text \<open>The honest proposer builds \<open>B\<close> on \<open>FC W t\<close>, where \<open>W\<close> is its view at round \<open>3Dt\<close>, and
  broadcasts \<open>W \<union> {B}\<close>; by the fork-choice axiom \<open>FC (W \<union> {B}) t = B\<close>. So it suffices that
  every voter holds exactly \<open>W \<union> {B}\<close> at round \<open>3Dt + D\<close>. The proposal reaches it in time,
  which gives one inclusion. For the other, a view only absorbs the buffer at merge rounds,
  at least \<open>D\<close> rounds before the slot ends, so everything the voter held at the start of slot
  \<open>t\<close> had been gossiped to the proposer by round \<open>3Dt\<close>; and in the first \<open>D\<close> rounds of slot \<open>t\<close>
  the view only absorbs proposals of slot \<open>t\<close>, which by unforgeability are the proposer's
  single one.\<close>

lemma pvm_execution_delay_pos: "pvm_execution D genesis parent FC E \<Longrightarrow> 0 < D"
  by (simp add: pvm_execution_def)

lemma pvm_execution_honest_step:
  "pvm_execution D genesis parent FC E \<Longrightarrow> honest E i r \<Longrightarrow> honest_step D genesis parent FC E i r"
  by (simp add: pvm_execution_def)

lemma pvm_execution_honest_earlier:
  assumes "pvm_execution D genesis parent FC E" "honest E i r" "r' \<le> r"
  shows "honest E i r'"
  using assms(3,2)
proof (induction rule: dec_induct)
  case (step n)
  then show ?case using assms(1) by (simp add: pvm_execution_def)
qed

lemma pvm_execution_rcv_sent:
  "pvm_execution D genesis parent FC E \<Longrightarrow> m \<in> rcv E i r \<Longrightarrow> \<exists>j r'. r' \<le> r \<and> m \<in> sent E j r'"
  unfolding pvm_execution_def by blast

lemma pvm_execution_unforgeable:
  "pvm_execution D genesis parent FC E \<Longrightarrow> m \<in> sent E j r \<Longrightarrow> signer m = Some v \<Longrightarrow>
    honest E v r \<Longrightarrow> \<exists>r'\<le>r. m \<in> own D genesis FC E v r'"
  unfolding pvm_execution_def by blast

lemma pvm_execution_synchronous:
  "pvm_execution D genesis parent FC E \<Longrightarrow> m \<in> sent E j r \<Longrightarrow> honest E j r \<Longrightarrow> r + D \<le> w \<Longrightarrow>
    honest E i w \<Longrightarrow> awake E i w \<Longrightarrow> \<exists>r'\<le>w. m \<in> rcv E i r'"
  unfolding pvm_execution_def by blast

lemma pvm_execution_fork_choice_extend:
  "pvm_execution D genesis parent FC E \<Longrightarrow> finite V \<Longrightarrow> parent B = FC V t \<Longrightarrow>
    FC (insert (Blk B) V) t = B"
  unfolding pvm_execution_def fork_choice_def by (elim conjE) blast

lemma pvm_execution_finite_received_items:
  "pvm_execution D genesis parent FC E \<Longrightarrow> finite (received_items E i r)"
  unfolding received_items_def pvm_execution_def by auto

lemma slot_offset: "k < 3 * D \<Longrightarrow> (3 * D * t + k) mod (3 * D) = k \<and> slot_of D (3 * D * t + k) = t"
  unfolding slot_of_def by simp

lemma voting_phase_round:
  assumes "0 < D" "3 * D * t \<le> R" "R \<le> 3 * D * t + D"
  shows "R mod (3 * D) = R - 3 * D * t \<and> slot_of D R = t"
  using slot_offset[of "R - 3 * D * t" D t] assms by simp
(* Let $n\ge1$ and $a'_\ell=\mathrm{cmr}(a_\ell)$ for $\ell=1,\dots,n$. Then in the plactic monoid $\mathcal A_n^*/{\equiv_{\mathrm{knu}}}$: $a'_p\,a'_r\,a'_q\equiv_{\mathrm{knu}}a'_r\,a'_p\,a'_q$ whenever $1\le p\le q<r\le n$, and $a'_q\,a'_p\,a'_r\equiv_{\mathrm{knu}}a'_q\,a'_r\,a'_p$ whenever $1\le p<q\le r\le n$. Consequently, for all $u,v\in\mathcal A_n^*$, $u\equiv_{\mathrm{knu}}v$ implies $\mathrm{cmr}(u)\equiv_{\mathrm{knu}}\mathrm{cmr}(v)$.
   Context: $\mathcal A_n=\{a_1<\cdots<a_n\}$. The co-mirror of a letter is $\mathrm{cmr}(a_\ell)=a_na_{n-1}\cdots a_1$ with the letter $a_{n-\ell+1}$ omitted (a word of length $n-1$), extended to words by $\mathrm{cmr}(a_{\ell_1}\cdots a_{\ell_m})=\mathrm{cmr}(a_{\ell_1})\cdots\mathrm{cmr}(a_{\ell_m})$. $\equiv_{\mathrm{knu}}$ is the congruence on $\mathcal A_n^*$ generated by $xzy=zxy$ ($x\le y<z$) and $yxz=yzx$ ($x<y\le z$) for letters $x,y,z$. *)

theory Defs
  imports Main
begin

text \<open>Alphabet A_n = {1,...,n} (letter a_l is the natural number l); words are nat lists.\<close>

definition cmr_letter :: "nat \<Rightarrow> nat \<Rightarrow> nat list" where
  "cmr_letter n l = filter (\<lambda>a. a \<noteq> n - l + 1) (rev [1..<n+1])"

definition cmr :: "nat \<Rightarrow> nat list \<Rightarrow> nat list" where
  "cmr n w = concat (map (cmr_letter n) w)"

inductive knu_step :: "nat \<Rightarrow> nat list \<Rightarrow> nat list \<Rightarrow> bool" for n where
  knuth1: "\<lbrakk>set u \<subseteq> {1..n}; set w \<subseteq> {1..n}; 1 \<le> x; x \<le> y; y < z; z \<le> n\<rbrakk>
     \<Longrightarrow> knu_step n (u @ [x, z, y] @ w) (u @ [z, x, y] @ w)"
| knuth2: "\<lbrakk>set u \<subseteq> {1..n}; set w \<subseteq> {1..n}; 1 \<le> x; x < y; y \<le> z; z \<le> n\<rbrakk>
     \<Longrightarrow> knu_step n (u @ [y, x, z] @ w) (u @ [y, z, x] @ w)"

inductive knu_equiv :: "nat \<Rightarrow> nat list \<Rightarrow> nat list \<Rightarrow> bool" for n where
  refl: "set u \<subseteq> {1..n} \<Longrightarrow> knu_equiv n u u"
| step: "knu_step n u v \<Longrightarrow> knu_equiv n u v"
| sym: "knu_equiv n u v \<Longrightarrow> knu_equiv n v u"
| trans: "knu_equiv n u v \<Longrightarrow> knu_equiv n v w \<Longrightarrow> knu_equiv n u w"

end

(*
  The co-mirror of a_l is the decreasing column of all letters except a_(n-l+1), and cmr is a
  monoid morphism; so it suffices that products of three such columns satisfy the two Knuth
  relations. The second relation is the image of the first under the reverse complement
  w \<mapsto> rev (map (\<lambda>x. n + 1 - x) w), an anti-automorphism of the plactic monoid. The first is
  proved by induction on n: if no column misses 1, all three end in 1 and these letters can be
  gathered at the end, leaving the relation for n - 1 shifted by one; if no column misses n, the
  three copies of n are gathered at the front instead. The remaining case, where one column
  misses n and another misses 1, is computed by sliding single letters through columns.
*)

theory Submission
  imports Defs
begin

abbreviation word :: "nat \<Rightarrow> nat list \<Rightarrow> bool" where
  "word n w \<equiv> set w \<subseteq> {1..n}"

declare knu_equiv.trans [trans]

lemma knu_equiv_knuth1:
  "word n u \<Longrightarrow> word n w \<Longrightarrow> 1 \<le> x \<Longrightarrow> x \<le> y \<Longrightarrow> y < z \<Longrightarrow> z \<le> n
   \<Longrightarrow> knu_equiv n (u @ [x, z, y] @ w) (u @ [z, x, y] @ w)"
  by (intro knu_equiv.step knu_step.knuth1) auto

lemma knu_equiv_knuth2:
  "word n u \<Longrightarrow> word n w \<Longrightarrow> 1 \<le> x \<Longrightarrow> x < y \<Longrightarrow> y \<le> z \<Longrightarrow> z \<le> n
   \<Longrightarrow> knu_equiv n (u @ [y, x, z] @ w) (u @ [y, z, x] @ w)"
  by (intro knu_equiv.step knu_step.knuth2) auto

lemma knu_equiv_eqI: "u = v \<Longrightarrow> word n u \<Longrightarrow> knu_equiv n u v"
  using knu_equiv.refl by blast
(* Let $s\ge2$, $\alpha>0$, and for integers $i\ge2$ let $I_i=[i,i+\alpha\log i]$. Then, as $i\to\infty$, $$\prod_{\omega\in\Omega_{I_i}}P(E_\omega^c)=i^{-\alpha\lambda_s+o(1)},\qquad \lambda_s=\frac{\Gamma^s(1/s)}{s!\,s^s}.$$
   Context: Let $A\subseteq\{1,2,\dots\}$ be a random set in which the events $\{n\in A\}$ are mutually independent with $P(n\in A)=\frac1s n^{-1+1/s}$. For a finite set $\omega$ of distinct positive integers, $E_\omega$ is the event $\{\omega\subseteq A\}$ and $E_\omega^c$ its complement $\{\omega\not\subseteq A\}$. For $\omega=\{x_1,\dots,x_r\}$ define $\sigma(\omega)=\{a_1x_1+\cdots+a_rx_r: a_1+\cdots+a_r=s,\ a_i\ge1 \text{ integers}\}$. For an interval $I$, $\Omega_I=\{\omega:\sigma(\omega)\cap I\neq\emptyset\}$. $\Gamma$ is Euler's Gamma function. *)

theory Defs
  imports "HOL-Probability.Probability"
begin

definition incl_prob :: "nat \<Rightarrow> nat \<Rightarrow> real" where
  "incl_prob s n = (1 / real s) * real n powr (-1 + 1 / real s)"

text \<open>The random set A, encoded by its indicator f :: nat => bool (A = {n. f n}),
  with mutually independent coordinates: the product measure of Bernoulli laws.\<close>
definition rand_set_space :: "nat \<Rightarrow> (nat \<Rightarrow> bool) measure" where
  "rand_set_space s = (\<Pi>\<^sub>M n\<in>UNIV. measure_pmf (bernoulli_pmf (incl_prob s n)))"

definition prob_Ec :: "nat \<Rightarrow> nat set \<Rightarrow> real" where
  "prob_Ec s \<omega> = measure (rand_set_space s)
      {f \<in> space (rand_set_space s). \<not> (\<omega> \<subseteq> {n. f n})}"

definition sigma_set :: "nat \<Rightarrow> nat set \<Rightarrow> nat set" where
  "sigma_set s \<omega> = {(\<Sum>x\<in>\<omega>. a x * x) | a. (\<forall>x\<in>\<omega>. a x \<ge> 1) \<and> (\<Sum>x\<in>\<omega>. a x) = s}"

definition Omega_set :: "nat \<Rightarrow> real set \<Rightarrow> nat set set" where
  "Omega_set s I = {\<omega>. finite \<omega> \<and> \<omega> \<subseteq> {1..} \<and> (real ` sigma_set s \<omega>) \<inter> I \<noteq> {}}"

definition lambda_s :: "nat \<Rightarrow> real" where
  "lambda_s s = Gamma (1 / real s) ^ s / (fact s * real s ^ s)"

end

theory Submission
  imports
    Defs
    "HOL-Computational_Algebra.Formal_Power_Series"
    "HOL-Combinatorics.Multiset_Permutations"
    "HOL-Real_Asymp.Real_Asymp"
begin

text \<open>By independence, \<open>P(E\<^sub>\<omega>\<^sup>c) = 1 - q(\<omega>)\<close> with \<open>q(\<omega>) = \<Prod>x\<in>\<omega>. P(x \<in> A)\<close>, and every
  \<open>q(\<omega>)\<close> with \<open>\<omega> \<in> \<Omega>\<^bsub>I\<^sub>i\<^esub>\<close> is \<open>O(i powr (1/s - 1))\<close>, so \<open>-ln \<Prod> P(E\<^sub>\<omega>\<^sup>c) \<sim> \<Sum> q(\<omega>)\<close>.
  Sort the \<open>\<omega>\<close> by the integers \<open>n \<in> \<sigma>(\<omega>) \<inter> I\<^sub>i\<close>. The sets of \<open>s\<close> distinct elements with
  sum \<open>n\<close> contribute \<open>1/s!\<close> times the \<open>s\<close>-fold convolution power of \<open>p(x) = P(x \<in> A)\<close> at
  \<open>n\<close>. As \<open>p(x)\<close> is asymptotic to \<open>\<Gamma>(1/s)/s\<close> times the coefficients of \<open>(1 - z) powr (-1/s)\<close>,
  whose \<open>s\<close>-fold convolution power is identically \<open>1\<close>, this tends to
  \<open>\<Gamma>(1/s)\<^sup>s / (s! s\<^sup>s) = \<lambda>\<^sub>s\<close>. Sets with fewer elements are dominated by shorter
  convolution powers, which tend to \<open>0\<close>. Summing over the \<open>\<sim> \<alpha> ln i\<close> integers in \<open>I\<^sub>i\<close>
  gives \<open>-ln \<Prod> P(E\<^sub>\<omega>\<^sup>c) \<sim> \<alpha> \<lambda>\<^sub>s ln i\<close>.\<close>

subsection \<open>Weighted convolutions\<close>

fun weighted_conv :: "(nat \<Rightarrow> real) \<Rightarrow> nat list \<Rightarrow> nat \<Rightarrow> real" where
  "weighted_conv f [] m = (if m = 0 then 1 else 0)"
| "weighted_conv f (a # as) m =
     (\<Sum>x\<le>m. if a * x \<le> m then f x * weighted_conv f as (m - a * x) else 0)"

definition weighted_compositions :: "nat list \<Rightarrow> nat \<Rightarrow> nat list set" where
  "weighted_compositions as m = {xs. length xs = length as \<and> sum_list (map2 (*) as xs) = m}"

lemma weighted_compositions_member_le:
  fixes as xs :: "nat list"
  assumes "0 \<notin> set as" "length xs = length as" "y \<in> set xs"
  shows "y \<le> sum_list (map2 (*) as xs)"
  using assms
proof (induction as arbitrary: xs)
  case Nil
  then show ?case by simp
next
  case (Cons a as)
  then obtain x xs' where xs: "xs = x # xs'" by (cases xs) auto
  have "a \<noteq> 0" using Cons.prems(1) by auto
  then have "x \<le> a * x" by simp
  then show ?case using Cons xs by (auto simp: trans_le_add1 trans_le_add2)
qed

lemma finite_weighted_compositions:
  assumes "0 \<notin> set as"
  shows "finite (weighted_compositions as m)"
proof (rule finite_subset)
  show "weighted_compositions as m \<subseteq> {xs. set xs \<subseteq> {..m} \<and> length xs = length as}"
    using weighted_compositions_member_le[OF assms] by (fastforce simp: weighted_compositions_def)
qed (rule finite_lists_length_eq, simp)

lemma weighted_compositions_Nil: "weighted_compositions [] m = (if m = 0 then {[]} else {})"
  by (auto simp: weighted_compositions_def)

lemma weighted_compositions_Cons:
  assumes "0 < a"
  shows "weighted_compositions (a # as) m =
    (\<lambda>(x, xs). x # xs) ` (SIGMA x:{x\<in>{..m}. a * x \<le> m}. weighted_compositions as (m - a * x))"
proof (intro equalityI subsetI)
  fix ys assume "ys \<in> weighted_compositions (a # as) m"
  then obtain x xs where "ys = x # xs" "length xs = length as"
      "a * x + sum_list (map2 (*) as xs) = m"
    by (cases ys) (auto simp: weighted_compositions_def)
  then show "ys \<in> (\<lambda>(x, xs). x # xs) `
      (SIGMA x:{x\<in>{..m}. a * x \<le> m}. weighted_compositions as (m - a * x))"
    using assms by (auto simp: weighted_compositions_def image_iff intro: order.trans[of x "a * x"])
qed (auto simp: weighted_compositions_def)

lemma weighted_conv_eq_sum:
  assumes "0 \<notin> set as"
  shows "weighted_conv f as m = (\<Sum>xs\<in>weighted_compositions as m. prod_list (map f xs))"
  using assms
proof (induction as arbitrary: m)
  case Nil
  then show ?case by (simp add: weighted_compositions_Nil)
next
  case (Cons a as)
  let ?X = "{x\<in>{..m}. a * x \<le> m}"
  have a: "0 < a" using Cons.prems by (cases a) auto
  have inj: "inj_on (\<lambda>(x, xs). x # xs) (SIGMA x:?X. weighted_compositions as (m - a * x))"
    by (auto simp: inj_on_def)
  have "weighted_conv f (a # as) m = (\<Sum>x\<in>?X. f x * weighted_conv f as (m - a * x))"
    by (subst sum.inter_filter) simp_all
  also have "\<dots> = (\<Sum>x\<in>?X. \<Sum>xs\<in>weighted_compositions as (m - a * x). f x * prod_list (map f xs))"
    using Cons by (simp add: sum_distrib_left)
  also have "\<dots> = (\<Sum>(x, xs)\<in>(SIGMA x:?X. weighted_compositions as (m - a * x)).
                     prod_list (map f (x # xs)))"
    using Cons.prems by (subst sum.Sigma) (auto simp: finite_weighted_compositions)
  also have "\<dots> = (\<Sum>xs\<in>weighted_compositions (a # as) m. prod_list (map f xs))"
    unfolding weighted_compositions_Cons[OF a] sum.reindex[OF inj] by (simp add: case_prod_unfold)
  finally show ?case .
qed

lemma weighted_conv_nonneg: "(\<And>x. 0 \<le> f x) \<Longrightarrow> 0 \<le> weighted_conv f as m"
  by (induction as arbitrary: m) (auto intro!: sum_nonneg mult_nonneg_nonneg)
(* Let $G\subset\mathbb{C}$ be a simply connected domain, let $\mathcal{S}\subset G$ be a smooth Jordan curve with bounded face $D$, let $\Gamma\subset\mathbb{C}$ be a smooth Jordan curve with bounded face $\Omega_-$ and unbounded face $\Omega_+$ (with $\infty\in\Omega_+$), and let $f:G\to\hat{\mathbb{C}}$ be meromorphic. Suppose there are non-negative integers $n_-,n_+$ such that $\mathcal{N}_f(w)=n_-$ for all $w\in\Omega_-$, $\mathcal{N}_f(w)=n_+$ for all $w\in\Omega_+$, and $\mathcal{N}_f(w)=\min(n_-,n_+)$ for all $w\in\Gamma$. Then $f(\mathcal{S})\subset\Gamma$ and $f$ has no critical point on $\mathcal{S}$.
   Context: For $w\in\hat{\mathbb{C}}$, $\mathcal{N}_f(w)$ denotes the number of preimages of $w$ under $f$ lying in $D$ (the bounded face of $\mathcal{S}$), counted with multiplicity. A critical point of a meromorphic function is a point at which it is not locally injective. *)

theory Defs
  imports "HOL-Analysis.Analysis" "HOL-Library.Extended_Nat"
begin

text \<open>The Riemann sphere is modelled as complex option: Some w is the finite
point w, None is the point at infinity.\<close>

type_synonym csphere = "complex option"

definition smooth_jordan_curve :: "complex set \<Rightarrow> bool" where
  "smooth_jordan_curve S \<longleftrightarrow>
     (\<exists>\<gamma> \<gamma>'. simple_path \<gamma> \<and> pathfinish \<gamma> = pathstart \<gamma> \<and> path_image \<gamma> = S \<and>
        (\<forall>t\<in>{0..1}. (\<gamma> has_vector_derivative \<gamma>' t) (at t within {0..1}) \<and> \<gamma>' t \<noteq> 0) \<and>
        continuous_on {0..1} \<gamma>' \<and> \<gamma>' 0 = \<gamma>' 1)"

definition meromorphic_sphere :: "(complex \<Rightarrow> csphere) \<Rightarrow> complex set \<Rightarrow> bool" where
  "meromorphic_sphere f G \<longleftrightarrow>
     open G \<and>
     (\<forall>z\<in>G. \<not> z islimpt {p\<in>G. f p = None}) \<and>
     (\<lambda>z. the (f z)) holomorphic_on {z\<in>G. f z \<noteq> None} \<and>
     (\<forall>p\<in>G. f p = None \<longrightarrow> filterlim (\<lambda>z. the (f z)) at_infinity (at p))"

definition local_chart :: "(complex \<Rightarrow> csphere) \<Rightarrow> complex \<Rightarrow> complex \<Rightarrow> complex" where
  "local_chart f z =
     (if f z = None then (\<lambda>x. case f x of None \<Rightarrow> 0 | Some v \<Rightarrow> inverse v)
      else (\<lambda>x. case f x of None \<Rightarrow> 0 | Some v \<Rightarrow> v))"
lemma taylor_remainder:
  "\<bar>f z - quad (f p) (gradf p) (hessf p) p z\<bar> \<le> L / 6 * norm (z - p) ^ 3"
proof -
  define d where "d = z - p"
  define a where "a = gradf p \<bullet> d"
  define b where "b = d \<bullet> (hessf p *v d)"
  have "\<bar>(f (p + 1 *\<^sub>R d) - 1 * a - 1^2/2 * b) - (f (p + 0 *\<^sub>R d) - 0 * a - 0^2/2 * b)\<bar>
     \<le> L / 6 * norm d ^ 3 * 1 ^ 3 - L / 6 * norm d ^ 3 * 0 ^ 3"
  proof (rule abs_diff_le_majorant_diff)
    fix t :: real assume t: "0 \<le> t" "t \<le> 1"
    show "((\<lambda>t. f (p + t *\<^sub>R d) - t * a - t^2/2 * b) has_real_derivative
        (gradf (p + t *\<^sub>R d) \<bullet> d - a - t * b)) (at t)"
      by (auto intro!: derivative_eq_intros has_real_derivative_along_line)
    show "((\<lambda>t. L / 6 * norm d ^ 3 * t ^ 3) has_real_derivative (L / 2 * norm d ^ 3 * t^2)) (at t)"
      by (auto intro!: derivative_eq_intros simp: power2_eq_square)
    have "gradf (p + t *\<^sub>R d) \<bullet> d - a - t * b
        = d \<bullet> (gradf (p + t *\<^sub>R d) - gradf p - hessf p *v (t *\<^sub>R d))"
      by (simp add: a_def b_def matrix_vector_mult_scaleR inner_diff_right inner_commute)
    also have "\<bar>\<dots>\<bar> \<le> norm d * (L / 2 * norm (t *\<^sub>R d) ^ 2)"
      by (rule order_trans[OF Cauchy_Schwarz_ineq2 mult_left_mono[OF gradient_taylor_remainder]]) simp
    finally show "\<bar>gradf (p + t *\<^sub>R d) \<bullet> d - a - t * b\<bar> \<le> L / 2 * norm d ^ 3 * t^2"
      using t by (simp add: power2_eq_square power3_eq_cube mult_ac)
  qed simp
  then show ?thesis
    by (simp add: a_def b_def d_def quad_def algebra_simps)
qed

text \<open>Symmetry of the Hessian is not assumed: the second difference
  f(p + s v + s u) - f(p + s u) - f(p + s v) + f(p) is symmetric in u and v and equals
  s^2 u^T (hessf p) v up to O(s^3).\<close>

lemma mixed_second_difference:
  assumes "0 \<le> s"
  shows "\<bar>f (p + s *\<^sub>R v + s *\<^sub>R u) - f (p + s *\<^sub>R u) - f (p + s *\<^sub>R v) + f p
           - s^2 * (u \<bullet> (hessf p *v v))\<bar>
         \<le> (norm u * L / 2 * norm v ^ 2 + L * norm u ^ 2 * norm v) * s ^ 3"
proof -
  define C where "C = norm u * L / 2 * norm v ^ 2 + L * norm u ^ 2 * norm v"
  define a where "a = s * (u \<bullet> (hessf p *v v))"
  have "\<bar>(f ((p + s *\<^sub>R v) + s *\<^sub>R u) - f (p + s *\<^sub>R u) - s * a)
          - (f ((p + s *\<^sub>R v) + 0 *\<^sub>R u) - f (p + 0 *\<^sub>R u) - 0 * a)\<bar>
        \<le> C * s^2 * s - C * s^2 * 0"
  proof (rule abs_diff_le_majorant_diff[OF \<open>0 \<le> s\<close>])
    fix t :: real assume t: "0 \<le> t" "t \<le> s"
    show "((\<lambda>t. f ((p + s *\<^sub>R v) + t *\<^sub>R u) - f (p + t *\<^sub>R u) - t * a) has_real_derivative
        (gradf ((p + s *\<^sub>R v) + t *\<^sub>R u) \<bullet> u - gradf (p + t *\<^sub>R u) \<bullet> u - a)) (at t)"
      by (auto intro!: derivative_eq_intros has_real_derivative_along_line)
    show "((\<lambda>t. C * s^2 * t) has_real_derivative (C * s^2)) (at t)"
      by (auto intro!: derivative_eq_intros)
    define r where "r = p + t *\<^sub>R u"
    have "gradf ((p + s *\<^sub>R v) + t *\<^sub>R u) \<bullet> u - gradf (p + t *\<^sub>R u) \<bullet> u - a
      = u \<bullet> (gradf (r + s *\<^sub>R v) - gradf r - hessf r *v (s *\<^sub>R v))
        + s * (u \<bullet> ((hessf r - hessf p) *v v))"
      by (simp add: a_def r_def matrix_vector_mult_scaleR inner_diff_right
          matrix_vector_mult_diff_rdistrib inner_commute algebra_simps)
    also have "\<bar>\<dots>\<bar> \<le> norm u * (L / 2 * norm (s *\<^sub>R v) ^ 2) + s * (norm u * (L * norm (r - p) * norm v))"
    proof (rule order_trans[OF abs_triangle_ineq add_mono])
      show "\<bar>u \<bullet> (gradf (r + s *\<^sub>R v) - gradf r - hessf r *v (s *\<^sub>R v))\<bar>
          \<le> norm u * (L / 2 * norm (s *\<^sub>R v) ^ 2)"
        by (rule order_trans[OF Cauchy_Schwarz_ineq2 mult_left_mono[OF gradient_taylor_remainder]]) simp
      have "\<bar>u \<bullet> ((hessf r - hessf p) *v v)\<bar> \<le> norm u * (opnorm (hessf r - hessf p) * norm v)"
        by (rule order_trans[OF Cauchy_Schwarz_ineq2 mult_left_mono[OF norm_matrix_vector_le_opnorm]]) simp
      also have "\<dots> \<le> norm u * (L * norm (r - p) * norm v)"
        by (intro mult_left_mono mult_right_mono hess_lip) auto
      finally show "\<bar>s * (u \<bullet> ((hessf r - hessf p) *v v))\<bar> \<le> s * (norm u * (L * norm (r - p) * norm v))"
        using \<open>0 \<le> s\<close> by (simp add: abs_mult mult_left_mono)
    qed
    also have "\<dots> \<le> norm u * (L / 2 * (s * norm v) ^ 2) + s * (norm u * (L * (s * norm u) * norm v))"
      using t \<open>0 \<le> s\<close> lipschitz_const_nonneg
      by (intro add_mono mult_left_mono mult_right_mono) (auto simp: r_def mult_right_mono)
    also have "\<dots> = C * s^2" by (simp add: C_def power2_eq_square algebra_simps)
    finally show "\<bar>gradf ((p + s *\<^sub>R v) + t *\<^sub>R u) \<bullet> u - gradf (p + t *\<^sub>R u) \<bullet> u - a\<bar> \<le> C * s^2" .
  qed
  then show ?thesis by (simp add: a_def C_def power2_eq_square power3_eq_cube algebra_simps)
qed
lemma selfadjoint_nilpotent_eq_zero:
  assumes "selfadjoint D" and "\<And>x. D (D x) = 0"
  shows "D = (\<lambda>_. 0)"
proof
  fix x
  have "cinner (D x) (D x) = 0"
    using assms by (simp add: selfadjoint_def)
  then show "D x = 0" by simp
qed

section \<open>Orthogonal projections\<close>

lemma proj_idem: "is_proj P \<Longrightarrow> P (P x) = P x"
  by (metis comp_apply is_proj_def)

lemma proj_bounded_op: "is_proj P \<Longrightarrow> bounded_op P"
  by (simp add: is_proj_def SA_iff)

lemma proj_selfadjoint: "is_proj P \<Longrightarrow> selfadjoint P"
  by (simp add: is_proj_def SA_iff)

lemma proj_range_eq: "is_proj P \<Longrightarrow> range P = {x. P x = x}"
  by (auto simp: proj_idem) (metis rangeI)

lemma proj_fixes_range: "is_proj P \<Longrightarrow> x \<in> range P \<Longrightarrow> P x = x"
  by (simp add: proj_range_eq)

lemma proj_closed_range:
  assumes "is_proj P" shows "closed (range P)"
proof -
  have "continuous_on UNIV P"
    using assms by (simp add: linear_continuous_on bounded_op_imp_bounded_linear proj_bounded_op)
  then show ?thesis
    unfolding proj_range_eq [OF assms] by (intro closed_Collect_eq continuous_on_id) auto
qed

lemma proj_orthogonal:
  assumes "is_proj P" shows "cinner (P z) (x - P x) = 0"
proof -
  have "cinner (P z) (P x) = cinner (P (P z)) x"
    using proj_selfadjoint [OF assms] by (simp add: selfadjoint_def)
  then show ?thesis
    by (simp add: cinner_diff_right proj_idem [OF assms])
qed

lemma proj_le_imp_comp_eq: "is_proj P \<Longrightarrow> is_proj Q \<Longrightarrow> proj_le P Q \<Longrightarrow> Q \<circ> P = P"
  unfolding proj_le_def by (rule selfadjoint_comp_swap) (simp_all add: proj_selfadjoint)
────────────────────────────────────────
What the exercise asks> All that should appear in the response is the run of lines from the first line of the entries through the line containing "at least \<open>D\<close>", copied exactly.

Exercise result>
text \<open>The honest proposer builds \<open>B\<close> on \<open>FC W t\<close>, where \<open>W\<close> is its view at round \<open>3Dt\<close>, and
  broadcasts \<open>W \<union> {B}\<close>; by the fork-choice axiom \<open>FC (W \<union> {B}) t = B\<close>. So it suffices that
  every voter holds exactly \<open>W \<union> {B}\<close> at round \<open>3Dt + D\<close>. The proposal reaches it in time,
  which gives one inclusion. For the other, a view only absorbs the buffer at merge rounds,
  at least \<open>D\<close> rounds before the slot ends, so everything the voter held at the start of slot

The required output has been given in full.